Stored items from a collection

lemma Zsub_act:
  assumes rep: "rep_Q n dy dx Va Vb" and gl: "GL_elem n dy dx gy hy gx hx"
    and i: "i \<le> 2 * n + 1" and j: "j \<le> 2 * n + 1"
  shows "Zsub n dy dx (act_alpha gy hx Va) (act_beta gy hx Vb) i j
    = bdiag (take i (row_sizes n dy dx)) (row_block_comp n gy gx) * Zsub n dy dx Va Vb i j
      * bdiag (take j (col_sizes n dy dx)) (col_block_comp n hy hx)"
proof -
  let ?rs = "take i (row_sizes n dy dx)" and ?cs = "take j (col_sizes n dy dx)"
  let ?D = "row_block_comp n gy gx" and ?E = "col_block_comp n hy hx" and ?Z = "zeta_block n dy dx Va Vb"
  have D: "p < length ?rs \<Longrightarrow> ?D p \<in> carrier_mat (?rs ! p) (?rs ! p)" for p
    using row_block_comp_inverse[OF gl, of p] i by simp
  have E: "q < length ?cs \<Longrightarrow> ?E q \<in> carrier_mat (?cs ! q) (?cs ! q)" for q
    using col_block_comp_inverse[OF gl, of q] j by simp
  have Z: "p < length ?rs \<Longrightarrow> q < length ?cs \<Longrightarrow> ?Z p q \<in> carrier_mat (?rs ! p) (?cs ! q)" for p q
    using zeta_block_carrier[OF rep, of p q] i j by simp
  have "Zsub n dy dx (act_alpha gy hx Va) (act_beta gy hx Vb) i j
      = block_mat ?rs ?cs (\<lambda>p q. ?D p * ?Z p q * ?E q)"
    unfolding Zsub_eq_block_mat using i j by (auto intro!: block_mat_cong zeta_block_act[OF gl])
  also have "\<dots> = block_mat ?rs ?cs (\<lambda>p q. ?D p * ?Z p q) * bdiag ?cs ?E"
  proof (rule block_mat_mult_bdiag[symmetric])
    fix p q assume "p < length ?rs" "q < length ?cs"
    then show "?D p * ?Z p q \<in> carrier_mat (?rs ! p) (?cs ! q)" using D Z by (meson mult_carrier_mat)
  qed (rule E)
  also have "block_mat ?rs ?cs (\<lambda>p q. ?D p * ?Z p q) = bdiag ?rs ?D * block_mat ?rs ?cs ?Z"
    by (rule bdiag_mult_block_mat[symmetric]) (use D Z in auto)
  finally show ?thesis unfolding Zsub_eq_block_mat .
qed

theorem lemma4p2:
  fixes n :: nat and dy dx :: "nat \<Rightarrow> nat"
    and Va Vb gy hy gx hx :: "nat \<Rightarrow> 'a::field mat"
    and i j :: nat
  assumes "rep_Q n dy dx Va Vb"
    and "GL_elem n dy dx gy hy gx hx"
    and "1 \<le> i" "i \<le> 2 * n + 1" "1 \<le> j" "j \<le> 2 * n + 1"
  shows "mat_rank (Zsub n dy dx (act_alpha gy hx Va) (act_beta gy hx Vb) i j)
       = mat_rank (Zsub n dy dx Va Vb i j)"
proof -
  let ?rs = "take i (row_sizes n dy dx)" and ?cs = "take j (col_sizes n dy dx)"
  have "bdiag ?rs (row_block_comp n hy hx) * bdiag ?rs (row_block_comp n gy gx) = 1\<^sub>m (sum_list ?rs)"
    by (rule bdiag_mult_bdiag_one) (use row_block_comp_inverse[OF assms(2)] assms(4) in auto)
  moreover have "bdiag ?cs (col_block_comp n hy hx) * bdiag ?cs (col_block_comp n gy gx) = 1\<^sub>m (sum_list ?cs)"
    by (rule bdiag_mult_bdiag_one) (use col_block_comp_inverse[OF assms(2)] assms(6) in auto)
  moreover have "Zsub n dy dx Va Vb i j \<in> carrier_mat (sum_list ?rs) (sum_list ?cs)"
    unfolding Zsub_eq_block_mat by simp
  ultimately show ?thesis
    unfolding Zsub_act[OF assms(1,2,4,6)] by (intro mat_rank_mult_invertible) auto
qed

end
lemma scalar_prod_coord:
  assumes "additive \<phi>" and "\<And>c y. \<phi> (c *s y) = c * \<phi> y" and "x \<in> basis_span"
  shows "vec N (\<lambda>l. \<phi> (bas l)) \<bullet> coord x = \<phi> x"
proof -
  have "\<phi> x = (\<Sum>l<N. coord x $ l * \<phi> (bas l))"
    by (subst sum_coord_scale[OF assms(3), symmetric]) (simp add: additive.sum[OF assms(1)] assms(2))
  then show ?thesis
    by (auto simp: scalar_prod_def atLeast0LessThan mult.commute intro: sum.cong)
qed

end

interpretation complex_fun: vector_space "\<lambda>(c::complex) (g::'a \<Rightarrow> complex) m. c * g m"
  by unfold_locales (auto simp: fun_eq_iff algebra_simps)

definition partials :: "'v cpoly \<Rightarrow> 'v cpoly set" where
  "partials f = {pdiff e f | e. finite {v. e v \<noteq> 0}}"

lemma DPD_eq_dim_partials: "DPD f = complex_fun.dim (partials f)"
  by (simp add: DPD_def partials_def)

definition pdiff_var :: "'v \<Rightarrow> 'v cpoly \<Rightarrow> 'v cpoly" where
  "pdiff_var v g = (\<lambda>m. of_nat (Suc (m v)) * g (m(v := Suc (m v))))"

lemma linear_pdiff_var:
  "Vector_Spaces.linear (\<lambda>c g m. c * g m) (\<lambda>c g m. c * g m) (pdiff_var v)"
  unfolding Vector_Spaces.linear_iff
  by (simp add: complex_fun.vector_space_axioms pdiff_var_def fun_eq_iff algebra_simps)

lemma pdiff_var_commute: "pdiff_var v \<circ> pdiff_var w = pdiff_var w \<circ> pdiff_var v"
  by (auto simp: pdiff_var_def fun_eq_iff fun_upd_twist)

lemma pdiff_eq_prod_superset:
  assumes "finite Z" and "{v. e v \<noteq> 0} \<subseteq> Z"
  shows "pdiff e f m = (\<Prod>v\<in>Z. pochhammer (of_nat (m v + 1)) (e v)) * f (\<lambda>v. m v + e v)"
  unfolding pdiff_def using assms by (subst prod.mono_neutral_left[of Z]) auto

HOW TO COMPLETE THIS TASK: Give back every entry above, complete and exact.

PROBLEM SOLUTION:
lemma Zsub_act:
  assumes rep: "rep_Q n dy dx Va Vb" and gl: "GL_elem n dy dx gy hy gx hx"
    and i: "i \<le> 2 * n + 1" and j: "j \<le> 2 * n + 1"
  shows "Zsub n dy dx (act_alpha gy hx Va) (act_beta gy hx Vb) i j
    = bdiag (take i (row_sizes n dy dx)) (row_block_comp n gy gx) * Zsub n dy dx Va Vb i j
      * bdiag (take j (col_sizes n dy dx)) (col_block_comp n hy hx)"
proof -
  let ?rs = "take i (row_sizes n dy dx)" and ?cs = "take j (col_sizes n dy dx)"
  let ?D = "row_block_comp n gy gx" and ?E = "col_block_comp n hy hx" and ?Z = "zeta_block n dy dx Va Vb"
  have D: "p < length ?rs \<Longrightarrow> ?D p \<in> carrier_mat (?rs ! p) (?rs ! p)" for p
    using row_block_comp_inverse[OF gl, of p] i by simp
  have E: "q < length ?cs \<Longrightarrow> ?E q \<in> carrier_mat (?cs ! q) (?cs ! q)" for q
    using col_block_comp_inverse[OF gl, of q] j by simp
  have Z: "p < length ?rs \<Longrightarrow> q < length ?cs \<Longrightarrow> ?Z p q \<in> carrier_mat (?rs ! p) (?cs ! q)" for p q
    using zeta_block_carrier[OF rep, of p q] i j by simp
  have "Zsub n dy dx (act_alpha gy hx Va) (act_beta gy hx Vb) i j
      = block_mat ?rs ?cs (\<lambda>p q. ?D p * ?Z p q * ?E q)"
    unfolding Zsub_eq_block_mat using i j by (auto intro!: block_mat_cong zeta_block_act[OF gl])
  also have "\<dots> = block_mat ?rs ?cs (\<lambda>p q. ?D p * ?Z p q) * bdiag ?cs ?E"
  proof (rule block_mat_mult_bdiag[symmetric])
    fix p q assume "p < length ?rs" "q < length ?cs"
    then show "?D p * ?Z p q \<in> carrier_mat (?rs ! p) (?cs ! q)" using D Z by (meson mult_carrier_mat)
  qed (rule E)
  also have "block_mat ?rs ?cs (\<lambda>p q. ?D p * ?Z p q) = bdiag ?rs ?D * block_mat ?rs ?cs ?Z"
    by (rule bdiag_mult_block_mat[symmetric]) (use D Z in auto)
  finally show ?thesis unfolding Zsub_eq_block_mat .
qed

theorem lemma4p2:
  fixes n :: nat and dy dx :: "nat \<Rightarrow> nat"
    and Va Vb gy hy gx hx :: "nat \<Rightarrow> 'a::field mat"
    and i j :: nat
  assumes "rep_Q n dy dx Va Vb"
    and "GL_elem n dy dx gy hy gx hx"
    and "1 \<le> i" "i \<le> 2 * n + 1" "1 \<le> j" "j \<le> 2 * n + 1"
  shows "mat_rank (Zsub n dy dx (act_alpha gy hx Va) (act_beta gy hx Vb) i j)
       = mat_rank (Zsub n dy dx Va Vb i j)"
proof -
  let ?rs = "take i (row_sizes n dy dx)" and ?cs = "take j (col_sizes n dy dx)"
  have "bdiag ?rs (row_block_comp n hy hx) * bdiag ?rs (row_block_comp n gy gx) = 1\<^sub>m (sum_list ?rs)"
    by (rule bdiag_mult_bdiag_one) (use row_block_comp_inverse[OF assms(2)] assms(4) in auto)
  moreover have "bdiag ?cs (col_block_comp n hy hx) * bdiag ?cs (col_block_comp n gy gx) = 1\<^sub>m (sum_list ?cs)"
    by (rule bdiag_mult_bdiag_one) (use col_block_comp_inverse[OF assms(2)] assms(6) in auto)
  moreover have "Zsub n dy dx Va Vb i j \<in> carrier_mat (sum_list ?rs) (sum_list ?cs)"
    unfolding Zsub_eq_block_mat by simp
  ultimately show ?thesis
    unfolding Zsub_act[OF assms(1,2,4,6)] by (intro mat_rank_mult_invertible) auto
qed

end
lemma scalar_prod_coord:
  assumes "additive \<phi>" and "\<And>c y. \<phi> (c *s y) = c * \<phi> y" and "x \<in> basis_span"
  shows "vec N (\<lambda>l. \<phi> (bas l)) \<bullet> coord x = \<phi> x"
proof -
  have "\<phi> x = (\<Sum>l<N. coord x $ l * \<phi> (bas l))"
    by (subst sum_coord_scale[OF assms(3), symmetric]) (simp add: additive.sum[OF assms(1)] assms(2))
  then show ?thesis
    by (auto simp: scalar_prod_def atLeast0LessThan mult.commute intro: sum.cong)
qed

end

interpretation complex_fun: vector_space "\<lambda>(c::complex) (g::'a \<Rightarrow> complex) m. c * g m"
  by unfold_locales (auto simp: fun_eq_iff algebra_simps)

definition partials :: "'v cpoly \<Rightarrow> 'v cpoly set" where
  "partials f = {pdiff e f | e. finite {v. e v \<noteq> 0}}"

lemma DPD_eq_dim_partials: "DPD f = complex_fun.dim (partials f)"
  by (simp add: DPD_def partials_def)

definition pdiff_var :: "'v \<Rightarrow> 'v cpoly \<Rightarrow> 'v cpoly" where
  "pdiff_var v g = (\<lambda>m. of_nat (Suc (m v)) * g (m(v := Suc (m v))))"

lemma linear_pdiff_var:
  "Vector_Spaces.linear (\<lambda>c g m. c * g m) (\<lambda>c g m. c * g m) (pdiff_var v)"
  unfolding Vector_Spaces.linear_iff
  by (simp add: complex_fun.vector_space_axioms pdiff_var_def fun_eq_iff algebra_simps)

lemma pdiff_var_commute: "pdiff_var v \<circ> pdiff_var w = pdiff_var w \<circ> pdiff_var v"
  by (auto simp: pdiff_var_def fun_eq_iff fun_upd_twist)

lemma pdiff_eq_prod_superset:
  assumes "finite Z" and "{v. e v \<noteq> 0} \<subseteq> Z"
  shows "pdiff e f m = (\<Prod>v\<in>Z. pochhammer (of_nat (m v + 1)) (e v)) * f (\<lambda>v. m v + e v)"
  unfolding pdiff_def using assms by (subst prod.mono_neutral_left[of Z]) auto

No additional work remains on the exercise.